Michael’s films had not succeeded to the point where being in The Streets of San Francisco could be taken as a decline for him, but it was not considered a positive career move by any of the film studios.2 Nor was this the only TV he had done. He had appeared in a 1971 episode of Medical Center called “The Albatross.” Michael recalls, “The best work that I actually did [to date] was a Medical Center in which I got to play a retarded boy. It was my first opportunity to play someone other than a ‘sensitive young man.’ I was real pleased with it. I did my homework, spent some time in hospitals and homes in L.A. getting the voice, the movement, everything like that.” It would also help later on, with Michael’s research for Cuckoo’s Nest.

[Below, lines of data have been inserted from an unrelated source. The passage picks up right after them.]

lemma nn_integral_energy_density:
  "(\<integral>\<^sup>+ x. energy_density x \<partial>lborel) = ennreal (1 / C1) * Cas Q f + 2 * Ekin f"
proof -
  have kinetic: "ennreal ((norm v)\<^sup>2 * f x v) = 2 * ennreal (1 / 2 * (norm v)\<^sup>2 * f x v)" for x v
  proof -
    have "ennreal ((norm v)\<^sup>2 * f x v) = ennreal (2 * (1 / 2 * (norm v)\<^sup>2 * f x v))" by simp
    also have "\<dots> = ennreal 2 * ennreal (1 / 2 * (norm v)\<^sup>2 * f x v)"
      using f_nonneg[of x v] by (intro ennreal_mult) auto
    finally show ?thesis by simp
  qed
  have "(\<integral>\<^sup>+ x. energy_density x \<partial>lborel)
      = ennreal (1 / C1) * (\<integral>\<^sup>+ x. \<integral>\<^sup>+ v. ennreal (Q (f x v)) \<partial>lborel \<partial>lborel)
        + 2 * (\<integral>\<^sup>+ x. \<integral>\<^sup>+ v. ennreal (1 / 2 * (norm v)\<^sup>2 * f x v) \<partial>lborel \<partial>lborel)"
    unfolding energy_density_def kinetic by (simp add: nn_integral_add nn_integral_cmult)
  also have "(\<integral>\<^sup>+ x. \<integral>\<^sup>+ v. ennreal (Q (f x v)) \<partial>lborel \<partial>lborel) = Cas Q f"
    unfolding Cas_def by (rule nn_integral_lborel_pair) measurable
  also have "(\<integral>\<^sup>+ x. \<integral>\<^sup>+ v. ennreal (1 / 2 * (norm v)\<^sup>2 * f x v) \<partial>lborel \<partial>lborel) = Ekin f"
    unfolding Ekin_def by (rule nn_integral_lborel_pair) measurable
  finally show ?thesis .
qed

lemma nn_integral_rho_energy_le:
  assumes f: "integrable lborel (\<lambda>z::(real^3) \<times> (real^3). f (fst z) (snd z))"
      "(\<integral> z. f (fst z) (snd z) \<partial>(lborel :: ((real^3) \<times> (real^3)) measure)) = M" "Pfun Q f < \<infinity>"
    and c: "0 \<le> c"
  shows "(\<integral>\<^sup>+ x. ennreal c * (rho f x + energy_density x) \<partial>lborel)
    \<le> ennreal (c * (M + 1 / C1 + 2) * (1 + enn2real (Pfun Q f)))"
proof -
  define P where "P = enn2real (Pfun Q f)"
  have P: "Pfun Q f = ennreal P" "0 \<le> P" using f(3) by (auto simp: P_def less_top)
  have "0 \<le> M" unfolding f(2)[symmetric] by (rule Bochner_Integration.integral_nonneg) (simp add: f_nonneg)
  then have M: "0 \<le> M" "(\<integral>\<^sup>+ x. rho f x \<partial>lborel) = ennreal M"
    using f f_nonneg by (simp_all add: nn_integral_rho nn_integral_eq_integral)
  have "Cas Q f \<le> Pfun Q f" "Ekin f \<le> Pfun Q f"
    by (simp_all add: Pfun_def)
  then have "Cas Q f \<le> ennreal P" "Ekin f \<le> ennreal P"
    unfolding P(1) .
  then have "(\<integral>\<^sup>+ x. ennreal c * (rho f x + energy_density x) \<partial>lborel)
      \<le> ennreal c * (ennreal M + (ennreal (1 / C1) * ennreal P + 2 * ennreal P))"
    by (simp add: nn_integral_cmult nn_integral_add M nn_integral_energy_density add_mono mult_left_mono)
  also have "\<dots> = ennreal (c * (M + (1 / C1 + 2) * P))"
  proof -
    have "ennreal (1 / C1) * ennreal P = ennreal (P / C1)"
      using C1_pos P(2) by (simp add: ennreal_mult[symmetric])
    then show ?thesis using c M(1) P(2) C1_pos by (simp add: ennreal_mult distrib_right)
  qed
  also have "\<dots> \<le> ennreal (c * (M + 1 / C1 + 2) * (1 + P))"
  proof -
    have "(M + 1 / C1 + 2) * (1 + P) = M + (1 / C1 + 2) * P + (M * P + 1 / C1 + 2)"
      by (simp add: algebra_simps add_divide_distrib)
    moreover have "0 \<le> M * P" "0 \<le> 1 / C1" using M(1) P(2) C1_pos by simp_all
    ultimately have "M + (1 / C1 + 2) * P \<le> (M + 1 / C1 + 2) * (1 + P)" by linarith
    then show ?thesis using c by (intro ennreal_leI) (simp add: mult_left_mono mult.assoc)
  qed
  finally show ?thesis by (simp add: P_def)
qed

end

He also appeared in an episode of Quinn Martin’s The FBI (“The Hitchhiker”), which is how Michael first came to the attention of the producer. “Michael had stuck in my mind after that FBI episode,” Martin later recalled. “He had a kind of presence that we were looking for in the role of sidekick to the star, Karl Malden. He was [relatively] tall and good-looking. He had to be good but—let’s be honest about this—not overpoweringly so.”